> _WHAT THIS TASK INVOLVES_
Look below for the line containing "at_left 1. C" and the line containing "(auto simp: abs_mult"; repeat exactly those two lines and all lines between them, and nothing else.
____________
lemma diagonal_expansion_at_left_one:
  fixes C :: "real^'d::finite \<Rightarrow> real"
  assumes "(\<lambda>u. C u - (1 - D_norm N Z (1 - u))) \<in> o[at 1 within cbox 0 1](\<lambda>u. D_norm N Z (1 - u))"
  shows "(\<lambda>t. (1 - C (vec t)) - D_norm N Z 1 * (1 - t)) \<in> o[at_left 1](\<lambda>t. 1 - t)"
proof -
  have "(\<lambda>t. - ((1 - C (vec t)) - D_norm N Z 1 * (1 - t))) \<in> o[at_left 1](\<lambda>t. D_norm N Z 1 * (1 - t))"
  proof (rule landau_o.small.cong_ex[THEN iffD1])
    show "(\<lambda>t. C (vec t) - (1 - D_norm N Z (1 - vec t))) \<in> o[at_left 1](\<lambda>t. D_norm N Z (1 - vec t))"
      by (rule landau_o.small.compose[OF assms filterlim_vec_at_left_one])
    have "(1::real^'d) - vec t = (1 - t) *\<^sub>R 1" for t
      by (simp add: vec_eq_iff)
    then have "D_norm N Z (1 - vec t) = D_norm N Z 1 * (1 - t)" if "t < 1" for t
      using that by (simp add: D_norm_scaleR)
    then show "\<forall>\<^sub>F t in at_left 1. D_norm N Z (1 - vec t) = D_norm N Z 1 * (1 - t)"
      "\<forall>\<^sub>F t in at_left 1. C (vec t) - (1 - D_norm N Z (1 - vec t))
         = - ((1 - C (vec t)) - D_norm N Z 1 * (1 - t))"
      using eventually_at_left_real[of 0 "1::real"] by (auto elim!: eventually_mono)
  qed
  also have "(\<lambda>t. D_norm N Z 1 * (1 - t)) \<in> O[at_left 1](\<lambda>t. 1 - t)"
    by (intro landau_o.bigI[of "\<bar>D_norm N Z 1\<bar> + 1"])
      (auto simp: abs_mult intro!: always_eventually mult_right_mono)
  finally show ?thesis
    by (simp only: landau_o.small.uminus_in_iff)
qed

lemma nn_integral_cmult_one_minus_Ico:
  fixes c x :: real
  assumes "0 \<le> c" "x \<le> 1"
  shows "(\<integral>\<^sup>+t\<in>{x..<1}. ennreal (c * (1 - t)) \<partial>lborel) = ennreal (c * (1 - x)^2 / 2)"
proof -
  have "((\<lambda>t. c * (1 - t)) has_integral (- c * (1 - 1)^2 / 2) - (- c * (1 - x)^2 / 2)) {x..1}"
    by (rule fundamental_theorem_of_calculus[OF assms(2)])
      (auto intro!: derivative_eq_intros simp flip: has_real_derivative_iff_has_vector_derivative
        simp: field_simps)
  then have integral: "((\<lambda>t. c * (1 - t)) has_integral c * (1 - x)^2 / 2) {x..1}"
    by simp
  have "AE t in lborel. ennreal (c * (1 - t)) * indicator {x..<1} t = ennreal (indicator {x..1} t * (c * (1 - t)))"
    using AE_lborel_singleton[of 1] by eventually_elim (auto simp: indicator_def)
  then have "(\<integral>\<^sup>+t\<in>{x..<1}. ennreal (c * (1 - t)) \<partial>lborel) = (\<integral>\<^sup>+t. ennreal (indicator {x..1} t * (c * (1 - t))) \<partial>lborel)"
    by (rule nn_integral_cong_AE)
  also have "\<dots> = ennreal (c * (1 - x)^2 / 2)"
    by (rule nn_integral_has_integral_lebesgue[rotated]) (use assms integral in auto)
  finally show ?thesis .
qed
____________
> _ANSWER TO THIS TASK_
      "\<forall>\<^sub>F t in at_left 1. C (vec t) - (1 - D_norm N Z (1 - vec t))
         = - ((1 - C (vec t)) - D_norm N Z 1 * (1 - t))"
      using eventually_at_left_real[of 0 "1::real"] by (auto elim!: eventually_mono)
  qed
  also have "(\<lambda>t. D_norm N Z 1 * (1 - t)) \<in> O[at_left 1](\<lambda>t. 1 - t)"
    by (intro landau_o.bigI[of "\<bar>D_norm N Z 1\<bar> + 1"])
      (auto simp: abs_mult intro!: always_eventually mult_right_mono)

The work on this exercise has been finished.